Assuming the above ini file contents, Henry can be run as follows:

$ henry pulse --config-file=looker.ini --section=Looker

which due to defaults, is equivalent to

$ henry pulse

Running it using the details under the Production section can be done as follows:

$ henry pulse --section=Production

API timeout settings

By default, API calls have a timeout of 120 seconds. This can be overriden using the --timeout argument.

Output to File

If the --save flag is used the tool saves the results to your current working directory. Example usage:

$ henry vacuum models --save

saves the results in vacuum_models_{date}_{time}.csv in the current working directory.

Pulse Command

The command henry pulse runs a number of tests that help determine the overall instance health.

Analyze Command

The analyze command is meant to help identify models and explores that have become bloated and use vacuum on them in order to trim them.

analyze projects

The analyze projects command scans projects for their content as well as checks for the status of quintessential features for success such as the git connection status and validation requirements.
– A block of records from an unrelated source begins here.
(* Assume $\pi\in\mathcal P_2(\mathbb R^d)$ and let $0<t_0<t_1<\dots<t_K$. Define, for $t_0\le t_k\le t$, $E_{t_k,t}:=\mathbb E\|u_t(Y_t)-u_{t_k}(Y_{t_k})\|^2$. Then $$\sum_{k=0}^{K-1}\int_{t_k}^{t_{k+1}}E_{t_k,t}\,dt\le d\sigma^2\,C_{\mathrm{disc}}.$$
   Context: $\pi$ is a probability measure on $\mathbb R^d$ with Lebesgue density; $X\sim\pi$, $(B_t)$ a standard $d$-dimensional Brownian motion independent of $X$, $\sigma>0$, $Y_t=tX+\sigma B_t$; for $t>0$, $u_t(y)=\int x\,\mathcal N(y;tx,t\sigma^2I_d)\pi(x)dx/\int\mathcal N(y;tx,t\sigma^2I_d)\pi(x)dx$, so $u_t(Y_t)=\mathbb E[X|Y_t]$. $C_{\mathrm{disc}}:=\sum_{k=1}^{K-1}\max\{0,(t_{k+1}-t_k)-(t_k-t_{k-1})\}\frac{1}{t_k}+\frac{t_1-t_0}{t_0}$. *)

theory Defs
  imports "HOL-Probability.Probability"
begin

definition gauss_density :: "'a::euclidean_space \<Rightarrow> real \<Rightarrow> 'a \<Rightarrow> real" where
  "gauss_density m v y = (2 * pi * v) powr (- real DIM('a) / 2) * exp (- (norm (y - m))\<^sup>2 / (2 * v))"

definition std_BM_indep_of :: "'w measure \<Rightarrow> ('w \<Rightarrow> 'a::euclidean_space) \<Rightarrow> (real \<Rightarrow> 'w \<Rightarrow> 'a) \<Rightarrow> bool" where
  "std_BM_indep_of M X B \<longleftrightarrow>
     (\<forall>t\<ge>0. B t \<in> borel_measurable M) \<and>
     (\<forall>\<omega>\<in>space M. B 0 \<omega> = 0) \<and>
     (\<forall>\<omega>\<in>space M. continuous_on {0..} (\<lambda>t. B t \<omega>)) \<and>
     (\<forall>s t. 0 \<le> s \<and> s < t \<longrightarrow>
        distr M borel (\<lambda>\<omega>. B t \<omega> - B s \<omega>) = density lborel (gauss_density 0 (t - s))) \<and>
     (\<forall>(n::nat) (s::nat \<Rightarrow> real). s 0 = 0 \<and> (\<forall>i<n. s i < s (Suc i)) \<longrightarrow>
        prob_space.indep_vars M (\<lambda>_. borel)
          (\<lambda>i \<omega>. if i = 0 then X \<omega> else B (s i) \<omega> - B (s (i - 1)) \<omega>) {0..n})"

definition Yproc :: "('w \<Rightarrow> 'a::euclidean_space) \<Rightarrow> (real \<Rightarrow> 'w \<Rightarrow> 'a) \<Rightarrow> real \<Rightarrow> real \<Rightarrow> 'w \<Rightarrow> 'a" where
  "Yproc X B \<sigma> t \<omega> = t *\<^sub>R X \<omega> + \<sigma> *\<^sub>R B t \<omega>"

text \<open>Posterior mean u_t(y), pi having Lebesgue density f.\<close>
definition post_mean :: "('a::euclidean_space \<Rightarrow> real) \<Rightarrow> real \<Rightarrow> real \<Rightarrow> 'a \<Rightarrow> 'a" where
  "post_mean f \<sigma> t y =
     (1 / (\<integral>x. gauss_density (t *\<^sub>R x) (t * \<sigma>\<^sup>2) y * f x \<partial>lborel)) *\<^sub>R
     (\<integral>x. (gauss_density (t *\<^sub>R x) (t * \<sigma>\<^sup>2) y * f x) *\<^sub>R x \<partial>lborel)"

definition Eerr :: "'w measure \<Rightarrow> ('w \<Rightarrow> 'a::euclidean_space) \<Rightarrow> (real \<Rightarrow> 'w \<Rightarrow> 'a) \<Rightarrow> ('a \<Rightarrow> real) \<Rightarrow> real \<Rightarrow> real \<Rightarrow> real \<Rightarrow> real" where
  "Eerr M X B f \<sigma> s t =
     (\<integral>\<omega>. (norm (post_mean f \<sigma> t (Yproc X B \<sigma> t \<omega>) - post_mean f \<sigma> s (Yproc X B \<sigma> s \<omega>)))\<^sup>2 \<partial>M)"

definition C_disc :: "(nat \<Rightarrow> real) \<Rightarrow> nat \<Rightarrow> real" where
  "C_disc tt K = (\<Sum>k\<in>{1..K-1}. max 0 ((tt (k+1) - tt k) - (tt k - tt (k-1))) * (1 / tt k))
                 + (tt 1 - tt 0) / tt 0"

end

theory Submission
  imports Defs
begin

text \<open>Write J(t) = E |X - u_t(Y_t)|^2. The posterior mean u_t(y) is the barycenter of the
  posterior weight of y, so for every estimator c the error E |X - c(Y_t)|^2 exceeds J(t) by
  exactly E |c(Y_t) - u_t(Y_t)|^2; the estimator c(y) = y / t gives J(t) \<le> d sigma^2 / t.
  For s < t the Brownian bridge writes B_s = (s/t) B_t + V with V independent of (X, B_t), so
  u_s(Y_s) = u_s((s/t) Y_t + sigma V), and averaging the previous identity over V gives
  J(s) = J(t) + E_{s,t}. Hence J decreases and E_{t_k,t} \<le> J(t_k) - J(t_(k+1)) on
  [t_k, t_(k+1)]; summing (t_(k+1) - t_k) (J(t_k) - J(t_(k+1))) by parts against
  J(t_k) \<le> d sigma^2 / t_k produces d sigma^2 C_disc.
  All expectations are written as nonnegative iterated integrals against f and Gaussian
  densities, so integrability only matters when passing back to the Bochner integral E_{s,t}.\<close>

section \<open>Iterated Lebesgue integrals\<close>

lemma nn_integral_lborel_translate:
  fixes c :: "'a::euclidean_space"
  assumes [measurable]: "F \<in> borel_measurable borel"
  shows "(\<integral>\<^sup>+z. F z \<partial>lborel) = (\<integral>\<^sup>+w. F (w + c) \<partial>lborel)"
proof -
  have "(\<integral>\<^sup>+z. F z \<partial>lborel) = (\<integral>\<^sup>+z. F z \<partial>distr lborel borel ((+) c))"
    by (simp add: lborel_distr_plus)
  also have "\<dots> = (\<integral>\<^sup>+w. F (c + w) \<partial>lborel)"
    by (subst nn_integral_distr) auto
  finally show ?thesis
    by (simp only: add.commute)
qed

lemma nn_integral_lborel_swap:
  fixes a :: "'a::euclidean_space \<Rightarrow> real" and b :: "'b::euclidean_space \<Rightarrow> real"
  assumes [measurable]: "a \<in> borel_measurable borel" "b \<in> borel_measurable borel"
    "(\<lambda>(x, v). F x v) \<in> borel_measurable (borel \<Otimes>\<^sub>M borel)"
  shows "(\<integral>\<^sup>+x. ennreal (a x) * (\<integral>\<^sup>+v. ennreal (b v) * F x v \<partial>lborel) \<partial>lborel)
       = (\<integral>\<^sup>+v. ennreal (b v) * (\<integral>\<^sup>+x. ennreal (a x) * F x v \<partial>lborel) \<partial>lborel)"
proof -
  have "(\<integral>\<^sup>+x. ennreal (a x) * (\<integral>\<^sup>+v. ennreal (b v) * F x v \<partial>lborel) \<partial>lborel)
      = (\<integral>\<^sup>+x. \<integral>\<^sup>+v. ennreal (b v) * (ennreal (a x) * F x v) \<partial>lborel \<partial>lborel)"
    by (intro nn_integral_cong trans[OF nn_integral_cmult[symmetric]]) (measurable, simp add: mult.left_commute)
  also have "\<dots> = (\<integral>\<^sup>+v. \<integral>\<^sup>+x. ennreal (b v) * (ennreal (a x) * F x v) \<partial>lborel \<partial>lborel)"
    by (rule lborel_pair.Fubini'[symmetric]) measurable
  also have "\<dots> = (\<integral>\<^sup>+v. ennreal (b v) * (\<integral>\<^sup>+x. ennreal (a x) * F x v \<partial>lborel) \<partial>lborel)"
    by (intro nn_integral_cong nn_integral_cmult) measurable
  finally show ?thesis .
qed

lemma nn_integral_lborel_shear:
  fixes K :: "'a::euclidean_space \<times> 'a \<Rightarrow> ennreal"
  assumes [measurable]: "K \<in> borel_measurable (borel \<Otimes>\<^sub>M borel)"
  shows "(\<integral>\<^sup>+z1. \<integral>\<^sup>+z2. K (z1, z2) \<partial>lborel \<partial>lborel)
       = (\<integral>\<^sup>+w. \<integral>\<^sup>+v. K (v + c *\<^sub>R w, w - (v + c *\<^sub>R w)) \<partial>lborel \<partial>lborel)"
proof -
  have "(\<integral>\<^sup>+z1. \<integral>\<^sup>+z2. K (z1, z2) \<partial>lborel \<partial>lborel) = (\<integral>\<^sup>+z1. \<integral>\<^sup>+w. K (z1, w + - z1) \<partial>lborel \<partial>lborel)"
    by (intro nn_integral_cong nn_integral_lborel_translate) measurable
  also have "\<dots> = (\<integral>\<^sup>+w. \<integral>\<^sup>+z1. K (z1, w - z1) \<partial>lborel \<partial>lborel)"
    by (simp, rule lborel_pair.Fubini'[symmetric]) measurable
  also have "\<dots> = (\<integral>\<^sup>+w. \<integral>\<^sup>+v. K (v + c *\<^sub>R w, w - (v + c *\<^sub>R w)) \<partial>lborel \<partial>lborel)"
    by (intro nn_integral_cong nn_integral_lborel_translate) measurable
  finally show ?thesis .
qed

lemma interval_integral_le_const:
  fixes F :: "real \<Rightarrow> real"
  assumes "a \<le> b" and "\<And>x. a \<le> x \<Longrightarrow> x \<le> b \<Longrightarrow> F x \<le> C" and "0 \<le> C"
  shows "(LBINT x=a..b. F x) \<le> C * (b - a)"
proof (cases "interval_lebesgue_integrable lborel a b F")
  case True
  have "interval_lebesgue_integrable lborel a b (\<lambda>x. C)"
    by simp
  with True assms have "(LBINT x:{a<..<b}. F x) \<le> (LBINT x:{a<..<b}. C)"
    by (intro set_integral_mono) (auto simp: interval_lebesgue_integrable_def)
  also have "\<dots> = C * (b - a)"
    using interval_lebesgue_integral_le_eq[of a b lborel "\<lambda>x. C"] assms by simp
  finally show ?thesis
    using assms by (simp add: interval_lebesgue_integral_le_eq)
next
  case False
  then have "(LBINT x=a..b. F x) = 0"
    using assms by (simp add: interval_lebesgue_integral_le_eq interval_lebesgue_integrable_def
        set_lebesgue_integral_def set_integrable_def not_integrable_integral_eq)
  then show ?thesis
    using assms by simp
qed

section \<open>Isotropic Gaussian densities\<close>

lemma gauss_density_nonneg: "0 \<le> gauss_density m v y"
  by (simp add: gauss_density_def)

lemma gauss_density_le:
  "0 < v \<Longrightarrow> gauss_density (m::'a::euclidean_space) v y \<le> (2 * pi * v) powr (- real DIM('a) / 2)"
  unfolding gauss_density_def by (rule mult_left_le) auto

lemma measurable_gauss_density[measurable (raw)]:
  fixes F G :: "'b \<Rightarrow> 'a::euclidean_space"
  assumes [measurable]: "F \<in> borel_measurable N" "V \<in> borel_measurable N" "G \<in> borel_measurable N"
  shows "(\<lambda>x. gauss_density (F x) (V x) (G x)) \<in> borel_measurable N"
  unfolding gauss_density_def by measurable

lemma norm_sq_eq_sum_Basis: "(norm z)\<^sup>2 = (\<Sum>b\<in>Basis. (z \<bullet> b)\<^sup>2)"
  unfolding power2_norm_eq_inner by (subst euclidean_inner) (simp add: power2_eq_square)

lemma gauss_density_eq_prod_normal_density:
  fixes z :: "'a::euclidean_space"
  assumes v: "0 < v"
  shows "gauss_density 0 v z = (\<Prod>b\<in>Basis. normal_density 0 (sqrt v) (z \<bullet> b))"
proof -
  have "(\<Prod>b\<in>Basis. normal_density 0 (sqrt v) (z \<bullet> b))
      = (\<Prod>b\<in>Basis. exp (- (z \<bullet> b)\<^sup>2 / (2 * v)) / sqrt (2 * pi * v))"
    using v by (simp add: normal_density_def)
  also have "\<dots> = exp (\<Sum>b\<in>Basis. - (z \<bullet> b)\<^sup>2 / (2 * v)) / sqrt (2 * pi * v) ^ DIM('a)"
    by (simp add: prod_dividef exp_sum)
  also have "(\<Sum>b\<in>Basis. - (z \<bullet> b)\<^sup>2 / (2 * v)) = - (norm z)\<^sup>2 / (2 * v)"
    by (simp add: norm_sq_eq_sum_Basis sum_divide_distrib[symmetric] sum_negf)
  also have "sqrt (2 * pi * v) ^ DIM('a) = (2 * pi * v) powr (real DIM('a) / 2)"
    using v by (simp add: powr_half_sqrt[symmetric] powr_realpow[symmetric] powr_powr)
  finally show ?thesis using v by (simp add: gauss_density_def powr_minus_divide divide_simps)
qed

lemma nn_integral_gauss_density:
  assumes v: "0 < v"
  shows "(\<integral>\<^sup>+z. ennreal (gauss_density 0 v (z::'a::euclidean_space)) \<partial>lborel) = 1"
proof -
  have "(\<integral>\<^sup>+z. ennreal (gauss_density 0 v (z::'a)) \<partial>lborel)
      = (\<integral>\<^sup>+z. (\<Prod>b\<in>Basis. ennreal (normal_density 0 (sqrt v) ((z::'a) \<bullet> b))) \<partial>lborel)"
    using v by (intro nn_integral_cong) (simp add: gauss_density_eq_prod_normal_density prod_ennreal)
  also have "\<dots> = (\<Prod>b\<in>(Basis::'a set). \<integral>\<^sup>+x. ennreal (normal_density 0 (sqrt v) x) \<partial>lborel)"
    by (rule nn_integral_lborel_prod) auto
  also have "\<dots> = 1"
    using v by (simp add: nn_integral_eq_integral)
  finally show ?thesis .
qed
+-------------------+---------------+--------------+-------------------------+---------------------+------------------------+ | Project | # Models | # View Files | Git Connection Status | PR Mode | Is Validation Required | |-------------------+---------------+--------------+-------------------------+---------------------+------------------------| | marketing | 1 | 13 | OK | links | True | | admin | 2 | 74 | OK | off | True | | powered_by_looker | 1 | 14 | OK | links | True | | salesforce | 1 | 36 | OK | required | False | | thelook_event | 1 | 17 | OK | required | True | +-------------------+---------------+--------------+-------------------------+---------------------+------------------------+

analyze models

Shows the number of explores in each model as well as the number of queries against that model.

+-------------------+------------------+-----------------+-------------------+-------------------+ | Project | Model | # Explores | # Unused Explores | Query Count | |-------------------+------------------+-----------------+-------------------+-------------------| | salesforce | salesforce | 8 | 0 | 39923 | | thelook_event | thelook | 10 | 0 | 166307 | | powered_by_looker | powered_by | 5 | 0 | 49122 | | marketing | thelook_adwords | 3 | 0 | 40869 | | admin | looker_base | 0 | 0 | 0 | | admin | looker_on_looker | 10 | 9 | 28 | +-------------------+------------------+-----------------+-------------------+-------------------+

analyze explores

Shows explores and their usage. If the --min-queries argument is passed, joins and fields that have been used less than the threshold specified will be considered as unused.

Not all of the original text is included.